As I begin to plot our data mesh implementation plan at Sanne Group, a leading asset management services provider, I can see why this idea that was originally introduced in 2019 has gained so much mindshare, but so few fully formed meshes nearly four years later.
As my fellow data engineering leaders can attest, it is much easier to scale data pipelines than to scale organizational change. The four principles of the data mesh–domain driven data ownership, data as a product, self-serve data platform, and federated governance–all require sweeping changes and widespread buy-in.
So much so, that my data mesh implementation plan is to approach these principles in uneven, iterative phases that are driven by the needs of the business. While the decision in implementing a data mesh is strategic, execution will be both opportunistic and pragmatic.
In sharing our plan to adopt and adapt the data mesh dogma, my hope is that it will generate a discussion that will help accelerate our journey and others.
In this post I will cover:
- Why we are moving to a data mesh
- Our approach building a data mesh architecture
- Our approach to domain-driven data ownership
- Our approach to treating data as a product
- Our approach to self-service
- Our approach to federated governance
- Our data mesh implementation will get some things wrong, and that’s OK
Why we are moving to a data mesh
If the data mesh journey is arduous with many anticipated starts and stops, why embark on it at all? For me, the answer is people and the very specific position our company holds as a global financial institution.
I can hire the world’s best data analyst, but without specific domain knowledge, the learning curve toward productivity is too steep and the consequences of poor analysis are too severe. It is much more effective when we can harness the existing knowledge within our organization, advance their data literacy, and empower them with the right tools.
Another way to look at it is that the data analyst embedded in a domain may be great with the data, but the domain expert empowered as a data analyst is going to ask great questions–and asking the right question is one of the most important and overlooked qualities of a data-driven organization.
The other big driver is speed. When you have a centralized data team structure, the journey from an analyst’s question to an answer might travel through seven distinct steps across different members of the team each of whom have a SLA of 24 to 48 hours. That adds up!
Our approach building a data mesh architecture
While a pure data mesh is a federated set of interconnected domains that are of roughly equal stature, there are multiple variants that may better serve the unique needs of your organization.
Piethein Strengholt, a senior cloud solution architect at Microsoft, has an excellent description and visualization of some of the data mesh variants he has seen in the wild.

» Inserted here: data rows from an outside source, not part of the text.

lemma supp2_div2: "supp2 k = k mod 2 + supp2 (k div 2)"
  by (subst supp2.simps) (simp add: supp2.simps[of 0])

lemma supp2_double: "supp2 (2 * k) = supp2 k"
  using supp2_div2[of "2 * k"] by simp

lemma supp2_Suc_double: "supp2 (Suc (2 * k)) = Suc (supp2 k)"
  using supp2_div2[of "Suc (2 * k)"] by simp

lemma supp2_add_sum_div_power2:
  "k < 2 ^ n \<Longrightarrow> supp2 k + (\<Sum>i<n. k div 2 ^ Suc i) = k"
proof (induction n arbitrary: k)
  case 0
  then show ?case by (simp add: supp2.simps)
next
  case (Suc n)
  have "(\<Sum>i<Suc n. k div 2 ^ Suc i) = k div 2 + (\<Sum>i<n. k div 2 div 2 ^ Suc i)"
    by (simp only: sum.lessThan_Suc_shift power_Suc div_mult2_eq) simp
  moreover have "supp2 (k div 2) + (\<Sum>i<n. k div 2 div 2 ^ Suc i) = k div 2"
    using Suc by simp
  ultimately show ?case
    using supp2_div2[of k] div_mult_mod_eq[of k 2] by linarith
qed

lemma supp2_eq_diff_sum_div:
  assumes "k < 2 ^ n"
  shows "int (supp2 k) = int k - (\<Sum>j<n. int (k div 2 ^ (n - j)))"
proof -
  have "(\<Sum>j<n. k div 2 ^ (n - j)) = (\<Sum>i<n. k div 2 ^ Suc (n - Suc i))"
    by (rule sum.cong) (simp_all add: Suc_diff_Suc)
  also have "\<dots> = (\<Sum>i<n. k div 2 ^ Suc i)"
    by (rule sum.nat_diff_reindex)
  finally show ?thesis
    using supp2_add_sum_div_power2[OF assms] by (simp flip: of_nat_sum)
qed

lemma sum_monom_supp2:
  "(\<Sum>k<2 ^ m. monom (1 :: 'a :: comm_semiring_1) (supp2 k)) = [:1, 1:] ^ m"
proof (induction m)
  case 0
  then show ?case by (simp add: supp2.simps)
next
  case (Suc m)
  have "(\<Sum>k<2 ^ Suc m. monom (1 :: 'a) (supp2 k))
      = (\<Sum>r<2 ^ m. monom 1 (supp2 (2 * r)) + monom 1 (supp2 (Suc (2 * r))))"
    by (simp add: sum_lessThan_double)
  also have "\<dots> = (\<Sum>r<2 ^ m. [:1, 1:] * monom 1 (supp2 r))"
    by (simp add: supp2_double supp2_Suc_double monom_Suc)
  also have "\<dots> = [:1, 1:] * (\<Sum>r<2 ^ m. monom 1 (supp2 r))"
    by (simp only: sum_distrib_left)
  finally show ?case
    using Suc.IH by simp
qed

lemma sum_monom_supp2_odd:
  "(\<Sum>k | 0 < k \<and> k < 2 ^ Suc m \<and> odd k. monom (1 :: 'a :: comm_semiring_1) (supp2 k))
     = [:0, 1:] * [:1, 1:] ^ m"
proof -
  have "{k. 0 < k \<and> k < 2 ^ Suc m \<and> odd k} = (\<lambda>r. Suc (2 * r)) ` {..<2 ^ m}"
    by (auto simp: image_iff elim!: oddE)
  then have "(\<Sum>k | 0 < k \<and> k < 2 ^ Suc m \<and> odd k. monom (1 :: 'a) (supp2 k))
      = (\<Sum>r<2 ^ m. [:0, 1:] * monom 1 (supp2 r))"
    by (simp add: sum.reindex inj_on_def supp2_Suc_double monom_Suc)
  also have "\<dots> = [:0, 1:] * [:1, 1:] ^ m"
    by (simp only: sum_distrib_left [symmetric] sum_monom_supp2)
  finally show ?thesis .
qed

lemma sum_B2_vertices:
  assumes "j < n"
  shows "(\<Sum>i\<le>n. l i * real_of_int (B2_vertices i j)) = l (Suc j) - l 0 * 2 ^ j"
proof -
  have "(\<Sum>i\<le>n. l i * real_of_int (B2_vertices i j))
      = l 0 * real_of_int (B2_vertices 0 j) + (\<Sum>i<n. l (Suc i) * real_of_int (B2_vertices (Suc i) j))"
    by (rule sum.atMost_shift)
  also have "(\<Sum>i<n. l (Suc i) * real_of_int (B2_vertices (Suc i) j)) = (\<Sum>i<n. if i = j then l (Suc i) else 0)"
    by (rule sum.cong) (auto simp: B2_vertices_def)
  finally show ?thesis
    using assms by (simp add: B2_vertices_def)
qed

lemma mem_open_par_lattice_B2_iff:
  "x \<in> open_par_lattice n n B2_vertices \<longleftrightarrow>
     (\<forall>j>n. x j = 0) \<and>
     (\<exists>t::real. 0 < t \<and> t < 1 \<and> (\<forall>j<n. 0 < x j + t * 2 ^ j \<and> x j + t * 2 ^ j < 1) \<and>
        x n = t * 2 ^ n + (\<Sum>j<n. real_of_int (x j)))" (is "_ \<longleftrightarrow> ?rhs")
proof
  assume "x \<in> open_par_lattice n n B2_vertices"
  then obtain l :: "nat \<Rightarrow> real" where x0: "\<forall>j>n. x j = 0" and l01: "\<forall>i\<le>n. 0 < l i \<and> l i < 1"
    and lj: "\<forall>j<n. x j = (\<Sum>i\<le>n. l i * real_of_int (B2_vertices i j))"
    and ln: "x n = (\<Sum>i\<le>n. l i)"
    unfolding open_par_lattice_def by blast
  have l_Suc: "l (Suc j) = x j + l 0 * 2 ^ j" if "j < n" for j
    using lj sum_B2_vertices[OF that, of l] that by simp
  have "x n = l 0 + (\<Sum>j<n. x j + l 0 * 2 ^ j)"
    unfolding ln sum.atMost_shift by (simp add: l_Suc)
  then have xn: "x n = l 0 * 2 ^ n + (\<Sum>j<n. real_of_int (x j))"
    by (simp only: sum_add_mult_power2)
  have "\<forall>j<n. 0 < x j + l 0 * 2 ^ j \<and> x j + l 0 * 2 ^ j < 1"
    using l01 by (simp flip: l_Suc)
  moreover have "0 < l 0" "l 0 < 1"
    using l01 by simp_all
  ultimately show ?rhs
    using x0 xn by blast
next
  assume ?rhs
  then obtain t :: real where x0: "\<forall>j>n. x j = 0" and t: "0 < t" "t < 1"
    and xj: "\<forall>j<n. 0 < x j + t * 2 ^ j \<and> x j + t * 2 ^ j < 1"
    and xn: "x n = t * 2 ^ n + (\<Sum>j<n. real_of_int (x j))"
    by blast
  define l where "l i = (if i = 0 then t else x (i - 1) + t * 2 ^ (i - 1))" for i
  have "x n = (\<Sum>i\<le>n. l i)"
  proof -
    have "(\<Sum>i\<le>n. l i) = t + (\<Sum>j<n. x j + t * 2 ^ j)"
      unfolding sum.atMost_shift by (simp add: l_def)
    also have "\<dots> = x n"
      unfolding xn by (rule sum_add_mult_power2)
    finally show ?thesis by simp
  qed
  moreover have "\<forall>i\<le>n. 0 < l i \<and> l i < 1"
    using t xj by (auto simp: l_def)
  moreover have "\<forall>j<n. x j = (\<Sum>i\<le>n. l i * real_of_int (B2_vertices i j))"
    by (simp add: sum_B2_vertices l_def)
  ultimately show "x \<in> open_par_lattice n n B2_vertices"
    unfolding open_par_lattice_def using x0 by blast
qed

text \<open>The lattice point with \<open>\<lambda>\<^sub>0 = k / 2^n\<close>; its other barycentric coordinates
  \<open>\<lambda>\<^sub>j\<^sub>+\<^sub>1\<close> are the fractional parts of \<open>k / 2^(n - j)\<close>.\<close>
definition B2_point :: "nat \<Rightarrow> nat \<Rightarrow> nat \<Rightarrow> int" where
  "B2_point n k j = (if j < n then - int (k div 2 ^ (n - j)) else if j = n then int (supp2 k) else 0)"

lemma B2_point_in_open_par_lattice:
  assumes "odd k" "k < 2 ^ n"
  shows "B2_point n k \<in> open_par_lattice n n B2_vertices"
  unfolding mem_open_par_lattice_B2_iff
proof (intro conjI exI[of _ "real k / 2 ^ n"])
  show "\<forall>j>n. B2_point n k j = 0"
    by (simp add: B2_point_def)
  have "real k < 2 ^ n"
    using assms(2) by (metis of_nat_less_iff of_nat_numeral of_nat_power)
  then show "0 < real k / 2 ^ n" "real k / 2 ^ n < 1"
    using odd_pos[OF assms(1)] by simp_all
  show "real_of_int (B2_point n k n) = real k / 2 ^ n * 2 ^ n + (\<Sum>j<n. real_of_int (B2_point n k j))"
    using supp2_eq_diff_sum_div[OF assms(2)] by (simp add: B2_point_def sum_negf)
  show "\<forall>j<n. 0 < B2_point n k j + real k / 2 ^ n * 2 ^ j \<and> B2_point n k j + real k / 2 ^ n * 2 ^ j < 1"
  proof (intro allI impI)
    fix j assume "j < n"
    have "real k / 2 ^ n * 2 ^ j = real_of_int (int k) / real_of_int (2 ^ (n - j))"
      using \<open>j < n\<close> by (simp add: mult_power_divide_power)
    moreover have "\<not> 2 ^ (n - j) dvd int k"
    proof
      assume "2 ^ (n - j) dvd int k"
      moreover have "(2::int) dvd 2 ^ (n - j)"
        using \<open>j < n\<close> by simp
      ultimately show False
        using assms(1) by (metis dvd_trans even_of_nat)
    qed
    ultimately show "0 < B2_point n k j + real k / 2 ^ n * 2 ^ j \<and> B2_point n k j + real k / 2 ^ n * 2 ^ j < 1"
      using \<open>j < n\<close> in_open_unit_interval_iff_div[of "2 ^ (n - j)" "B2_point n k j" "int k"]
      by (simp add: B2_point_def zdiv_int)
  qed
qed

lemma open_par_lattice_B2_coordinates:
  assumes "x \<in> open_par_lattice n n B2_vertices"
  defines "K \<equiv> x n - (\<Sum>j<n. x j)"
  shows "0 < K" "K < 2 ^ n" "j < n \<Longrightarrow> x j = - (K div 2 ^ (n - j)) \<and> \<not> 2 ^ (n - j) dvd K"
proof -
  obtain t :: real where t: "0 < t" "t < 1"
    and xj: "\<forall>j<n. 0 < x j + t * 2 ^ j \<and> x j + t * 2 ^ j < 1"
    and xn: "x n = t * 2 ^ n + (\<Sum>j<n. real_of_int (x j))"
    using assms(1) unfolding mem_open_par_lattice_B2_iff by blast
  have tK: "t = real_of_int K / 2 ^ n"
    using xn by (simp add: K_def field_simps)
  have "0 < real_of_int K" "real_of_int K < 2 ^ n"
    using t by (simp_all add: tK divide_less_eq zero_less_divide_iff)
  then show "0 < K" "K < 2 ^ n"
    by (simp, metis of_int_less_iff of_int_numeral of_int_power)
  assume "j < n"
  then have "t * 2 ^ j = real_of_int K / real_of_int (2 ^ (n - j))"
    by (simp add: tK mult_power_divide_power)
  then have "0 < x j + real_of_int K / real_of_int (2 ^ (n - j))
      \<and> x j + real_of_int K / real_of_int (2 ^ (n - j)) < 1"
    using xj \<open>j < n\<close> by metis
  then show "x j = - (K div 2 ^ (n - j)) \<and> \<not> 2 ^ (n - j) dvd K"
    using in_open_unit_interval_iff_div[of "2 ^ (n - j)" "x j" K] by simp
qed

lemma open_par_lattice_B2E:
  assumes x: "x \<in> open_par_lattice n n B2_vertices"
  obtains k where "odd k" "k < 2 ^ n" "x = B2_point n k"
proof -
  define K where "K = x n - (\<Sum>j<n. x j)"
  note K = open_par_lattice_B2_coordinates[OF x, folded K_def]
  have "n \<noteq> 0"
    using K(1,2) by (cases n) simp_all
  then have "odd K"
    using K(3)[of "n - 1"] by simp
  define k where "k = nat K"
  have K_k: "K = int k"
    using K(1) by (simp add: k_def)
  have "k < 2 ^ n"
    using K(2) unfolding K_k by (metis of_nat_less_iff of_nat_numeral of_nat_power)
  have "x = B2_point n k"
  proof
    fix j
    consider "j < n" | "j = n" | "j > n" by linarith
    then show "x j = B2_point n k j"
    proof cases
      case 1
      then show ?thesis using K(3) K_k by (simp add: B2_point_def zdiv_int)
    next
      case 2
      have "x n = K + (\<Sum>j<n. x j)" by (simp add: K_def)
      also have "\<dots> = int k - (\<Sum>j<n. int (k div 2 ^ (n - j)))"
        using K(3) K_k by (simp add: zdiv_int sum_negf)
      finally show ?thesis
        using 2 supp2_eq_diff_sum_div[OF \<open>k < 2 ^ n\<close>] by (simp add: B2_point_def)
    next
      case 3
      moreover have "\<forall>j>n. x j = 0"
        using x unfolding open_par_lattice_def by blast
      ultimately show ?thesis by (simp add: B2_point_def)
    qed
  qed
  then show ?thesis
    using that \<open>odd K\<close> K_k \<open>k < 2 ^ n\<close> by simp
qed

The current data mesh implementation plan at Sanne would most closely resemble the “coarse grained and governed” mesh. There will be a “center of excellence” consisting of a small team of data engineers that will facilitate communication and help form a central set of standards, but each domain will be empowered to shape their infrastructure, products, and governance according to their specific situation.
There are a few factors shaping this architecture. I joined the company within the last year, and we are currently in the process of integrating our $2 billion merger with Apex. This means both our data team and modern data stack are in both a period of transition and a greenfield state.

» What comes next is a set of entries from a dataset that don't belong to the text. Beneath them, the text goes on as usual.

lemma connected_critical_subgraph:
  assumes simple: "simple_graph V E" and uncolorable: "\<not> colorable V E k" and "1 \<le> k"
  obtains S F a b where "simple_graph S F" "graph_connected S F" "S \<subseteq> V" "F \<subseteq> E"
    "{a, b} \<in> F" "\<not> colorable S F k" "colorable S (F - {{a, b}}) k"
proof -
  have "E \<subseteq> Pow V" "finite V"
    using simple by (auto simp: simple_graph_def)
  then have "finite E"
    by (simp add: finite_subset)
  then obtain F where F: "F \<subseteq> E" "\<not> colorable V F k"
    and minimal: "\<And>F'. F' \<subset> F \<Longrightarrow> colorable V F' k"
    using minimal_uncolorable_subset uncolorable by blast
  have edges_in: "\<forall>e\<in>F. e \<subseteq> V"
    using F(1) simple by (auto simp: simple_graph_def)
  have "F \<noteq> {}"
    using F(2) colorable_no_edges \<open>1 \<le> k\<close> by auto
  then obtain e0 where "e0 \<in> F"
    by auto
  then obtain a b where ab: "{a, b} \<in> F" "a \<in> V"
    using simple_graph_edge[OF simple, of e0] F(1) by (metis subsetD)
  define S where "S = component V F a"
  have in_S: "\<forall>e\<in>F. e \<subseteq> S"
    unfolding S_def by (rule critical_edges_in_component[OF edges_in F(2) minimal ab(1)])
  have "S \<subseteq> V"
    unfolding S_def by (rule component_subset[OF ab(2)])
  have "a \<in> S"
    by (simp add: S_def component_def)
  have "simple_graph S F"
    using finite_subset[OF \<open>S \<subseteq> V\<close>] \<open>a \<in> S\<close> simple F(1) in_S
    unfolding simple_graph_def by auto
  moreover have "graph_connected S F"
    unfolding S_def by (rule component_connected)
  moreover have "\<not> colorable S F k"
    using colorable_extend_vertices[OF \<open>1 \<le> k\<close> in_S] F(2) by auto
  moreover have "colorable S (F - {{a, b}}) k"
  proof -
    have "F - {{a, b}} \<subset> F"
      using ab(1) by auto
    then have "colorable V (F - {{a, b}}) k"
      by (rule minimal)
    then show ?thesis
      by (rule colorable_mono[OF _ \<open>S \<subseteq> V\<close> order_refl])
  qed
  ultimately show ?thesis
    using that \<open>S \<subseteq> V\<close> F(1) ab(1) by auto
qed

Having been given somewhat of a blank canvas and a mandate for growing the team, I am resisting the urge to immediately paint the big picture and instead allow space for organic, decentralized evolution (with guardrails of course).
For example, I anticipate each domain growing and maturing at very different paces because their workflows are more or less data centric. They will be staffed accordingly. For instance, the Risk department may start with a smaller team of data engineers and analysts building their own models and gradually move toward cognitive analytics requiring data scientists to be added to the team whereas it’s likely the Finance department will be very data analyst heavy.

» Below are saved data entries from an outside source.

lemma eta_eq_if_greedy_agree:
  assumes r_bounded: "\<And>x a. \<bar>r x a\<bar> \<le> R" and f_bounded: "\<And>x a. \<bar>f x a\<bar> \<le> B"
    and agree: "\<And>x. layer x < h \<Longrightarrow> greedy f x = greedy g x"
    and "1 \<le> h" and "h \<le> H"
  shows "eta r p x1 f g h
           = measure_pmf.expectation (state_dist p x1 (greedy f) (h - 1)) (\<lambda>x. r x (greedy f x))
             + measure_pmf.expectation (D p x1 (greedy f) (h + 1)) (\<lambda>x'. f x' (greedy f x'))"
proof -
  let ?E = "measure_pmf.expectation" and ?\<pi> = "greedy f"
  let ?d = "state_dist p x1 ?\<pi> (h - 1)" and ?f = "\<lambda>x'. f x' (greedy f x')"
  have r_abs: "\<bar>r x (?\<pi> x)\<bar> \<le> R" for x
    using r_bounded .
  have f_abs: "\<bar>?f x'\<bar> \<le> B" for x'
    using f_bounded .
  have Ef_abs: "\<bar>?E (p x (?\<pi> x)) ?f\<bar> \<le> B" for x
    using f_abs by (rule expectation_abs_le)
  have D_next: "D p x1 ?\<pi> (h + 1) = bind_pmf ?d (\<lambda>x. p x (?\<pi> x))"
    using \<open>1 \<le> h\<close> by (cases h) (simp_all add: D_def)
  have "D p x1 (greedy g) h = ?d"
    using assms state_dist_cong[OF agree, where k = "h - 1"] by (simp add: D_def)
  then have "eta r p x1 f g h = ?E ?d (\<lambda>x. ?E (p x (?\<pi> x)) (\<lambda>x'. r x (?\<pi> x) + ?f x'))"
    by (simp add: eta_def)
  also have "\<dots> = ?E ?d (\<lambda>x. r x (?\<pi> x) + ?E (p x (?\<pi> x)) ?f)"
    by (simp add: Bochner_Integration.integral_add integrable_measure_pmf_bounded[OF f_abs]
        measure_pmf.prob_space)
  also have "\<dots> = ?E ?d (\<lambda>x. r x (?\<pi> x)) + ?E ?d (\<lambda>x. ?E (p x (?\<pi> x)) ?f)"
    by (intro Bochner_Integration.integral_add integrable_measure_pmf_bounded[OF r_abs]
        integrable_measure_pmf_bounded[OF Ef_abs])
  also have "?E ?d (\<lambda>x. ?E (p x (?\<pi> x)) ?f) = ?E (D p x1 ?\<pi> (h + 1)) ?f"
    unfolding D_next by (rule expectation_bind_pmf[OF f_abs, symmetric])
  finally show ?thesis .
qed

lemma V_greedy_decomposition:
  assumes "\<And>x a. \<bar>r x a\<bar> \<le> R" and "\<And>x a. \<bar>f x a\<bar> \<le> B"
    and agree: "\<And>x. layer x < h \<Longrightarrow> greedy f x = greedy g x"
    and "1 \<le> h" and "h \<le> H"
  shows "V H r p x1 (greedy f)
           = reward_before_layer r p x1 (greedy g) h + eta r p x1 f g h
             + value_estimate_error H r p x1 f h"
proof -
  let ?R = "\<lambda>\<pi> k. measure_pmf.expectation (state_dist p x1 \<pi> k) (\<lambda>x. r x (\<pi> x))"
  have last_step: "(\<Sum>k<h. ?R (greedy f) k) = (\<Sum>k<h - 1. ?R (greedy f) k) + ?R (greedy f) (h - 1)"
    using \<open>1 \<le> h\<close> by (cases h) simp_all
  have prefix: "(\<Sum>k<h - 1. ?R (greedy f) k) = reward_before_layer r p x1 (greedy g) h"
    unfolding reward_before_layer_def
    using assms by (intro sum.cong expected_reward_cong[OF agree]) auto
  show ?thesis
    using V_split[where r = r and \<pi> = "greedy f", OF assms(1) \<open>h \<le> H\<close>] last_step prefix
      eta_eq_if_greedy_agree[where r = r and f = f, OF assms]
    by (simp add: value_estimate_error_def)
qed

lemma V_greedy_concat_at_decomposition:
  assumes r_bounded: "\<And>x a. \<bar>r x a\<bar> \<le> R"
    and "\<And>x a. \<bar>g x a\<bar> \<le> B" and "\<And>x a. \<bar>f x a\<bar> \<le> B"
    and "1 \<le> h" and "h \<le> H"
  shows "V H r p x1 (greedy (concat_at layer g h f))
           = reward_before_layer r p x1 (greedy g) h + eta r p x1 (concat_at layer g h f) g h
             + value_estimate_error H r p x1 (concat_at layer g h f) h"
proof (rule V_greedy_decomposition[where r = r, OF r_bounded])
  show "\<bar>concat_at layer g h f x a\<bar> \<le> B" for x a
    using assms by (simp add: concat_at_def)
qed (use assms greedy_concat_at_below in auto)

end

theorem lemma12:
  fixes H :: nat and layer :: "'x \<Rightarrow> nat" and x1 :: 'x
    and p :: "'x \<Rightarrow> 'a::finite \<Rightarrow> 'x pmf" and r :: "'x \<Rightarrow> 'a \<Rightarrow> real"
    and F :: "('x \<Rightarrow> 'a \<Rightarrow> real) set" and g :: "'x \<Rightarrow> 'a \<Rightarrow> real" and h :: nat
    and P :: "('x \<Rightarrow> 'a \<Rightarrow> real) pmf" and C1 C2 C3 :: real
  assumes layer_x1: "layer x1 = 1"
    and layered: "\<And>x a x'. 1 \<le> layer x \<Longrightarrow> layer x \<le> H \<Longrightarrow> x' \<in> set_pmf (p x a)
                    \<Longrightarrow> layer x' = layer x + 1"
    and r_bounded: "\<And>x a. 0 \<le> r x a \<and> r x a \<le> 1"
    and F_finite: "finite F"
    and F_range: "\<And>f x a. f \<in> F \<Longrightarrow> 0 \<le> f x a \<and> f x a \<le> 1"
    and F_vanish: "\<And>f x a. f \<in> F \<Longrightarrow> layer x = H + 1 \<Longrightarrow> f x a = 0"
    and g_in: "g \<in> F"
    and h_range: "1 \<le> h" "h \<le> H"
    and P_supp: "set_pmf P \<subseteq> F"
    and G_def: "G = map_pmf (\<lambda>f. concat_at layer g h f) P"
    and a: "\<And>f. f \<in> set_pmf G \<Longrightarrow> eta r p x1 f g h > eta r p x1 g g h - C1"
    and b: "\<bar>measure_pmf.expectation G (\<lambda>f. measure_pmf.expectation (D p x1 (greedy f) (h + 1))
                   (\<lambda>x'. V_h H r p (greedy f) (h + 1) x'))
            - measure_pmf.expectation G (\<lambda>f. measure_pmf.expectation (D p x1 (greedy f) (h + 1))
                   (\<lambda>x'. f x' (greedy f x')))\<bar> \<le> C2"
    and c: "\<bar>measure_pmf.expectation (D p x1 (greedy g) (h + 1)) (\<lambda>x'. V_h H r p (greedy g) (h + 1) x')
            - measure_pmf.expectation (D p x1 (greedy g) (h + 1)) (\<lambda>x'. g x' (greedy g x'))\<bar> \<le> C3"
  shows "measure_pmf.expectation G (\<lambda>f. V H r p x1 (greedy f)) \<ge> V H r p x1 (greedy g) - (C1 + C2 + C3)"
proof -
  interpret layered_mdp layer H x1 p
    using layer_x1 layered by unfold_locales
  let ?E = "measure_pmf.expectation"
  let ?S = "reward_before_layer r p x1 (greedy g) h" and ?err = "\<lambda>f. value_estimate_error H r p x1 f h"
  have r_abs: "\<bar>r x a\<bar> \<le> 1" and F_abs: "f \<in> F \<Longrightarrow> \<bar>f x a\<bar> \<le> 1" for f x a
    using r_bounded[of x a] F_range[of f x a] by auto
  have decomp_G: "V H r p x1 (greedy f) = ?S + eta r p x1 f g h + ?err f" if "f \<in> set_pmf G" for f
    using that P_supp F_abs g_in unfolding G_def
    by (auto intro!: V_greedy_concat_at_decomposition[where r = r, OF r_abs _ _ h_range])
  have decomp_g: "V H r p x1 (greedy g) = ?S + eta r p x1 g g h + ?err g"
    by (rule V_greedy_decomposition[where r = r and f = g, OF r_abs F_abs[OF g_in] _ h_range]) simp
  have int_G: "integrable (measure_pmf G) u" for u :: "('x \<Rightarrow> 'a \<Rightarrow> real) \<Rightarrow> real"
    using P_supp F_finite unfolding G_def by (auto intro: integrable_measure_pmf_finite finite_subset)
  have "?E G (\<lambda>f. V H r p x1 (greedy f)) = ?E G (\<lambda>f. ?S + eta r p x1 f g h + ?err f)"
    using decomp_G by (intro integral_cong_AE) (auto simp: AE_measure_pmf_iff)
  also have "\<dots> = ?S + ?E G (\<lambda>f. eta r p x1 f g h) + ?E G ?err"
    by (simp add: Bochner_Integration.integral_add[OF int_G int_G] measure_pmf.prob_space)
  finally have avg: "?E G (\<lambda>f. V H r p x1 (greedy f)) = ?S + ?E G (\<lambda>f. eta r p x1 f g h) + ?E G ?err" .
  have "?E G (\<lambda>f. eta r p x1 f g h) \<ge> eta r p x1 g g h - C1"
    using a by (intro measure_pmf.integral_ge_const[OF int_G]) (auto simp: AE_measure_pmf_iff less_imp_le)
  moreover have "?E G ?err \<ge> - C2"
    using b by (simp add: value_estimate_error_def Bochner_Integration.integral_diff[OF int_G int_G])
  moreover have "?err g \<le> C3"
    using c by (simp add: value_estimate_error_def)
  ultimately show ?thesis
    using avg decomp_g by linarith
qed

end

Because there is always a lag time between the business need for data talent and being able to fill it, especially in today’s market, the center of excellence will also serve as a pool of talent that can be deployed to fill short-term gaps as long-term solutions are in progress.
The other driving factor is the Sanne Group has offices in more than 20 countries around the globe serving more than 2,135 clients. The data regulatory regimes vary widely requiring teams to have more flexibility in their governance models.
Our approach to domain-driven data ownership
In a fully decentralized data mesh the lines of data ownership are clear, but for our more coarsely grained data mesh there could be questions around who has overriding authorization.
Is it the domain or center of excellence? What about situations where multiple domains have a stake in a certain data asset? Salary data, for example, is relevant to both HR and finance.
My answer is accountability and authorization must sit with the domain. That being said, especially during the early days of our transition, I plan to have a few key assets and reports sit with the center of excellence until our evolution has matured.
In addition to the concept of data owner, we will also have the concept of a data trustee. This role will be occupied by one of the domain leaders with the understanding that they do not own the data outright but are responsible for overseeing it in coordination with other stakeholders.
Our approach to treating data as a product
The initial data mesh implementation plan is for data products to follow a set of criteria, but to not have a standard bar that must be cleared (consistent with the overarching goal to enable as much flexibility as possible).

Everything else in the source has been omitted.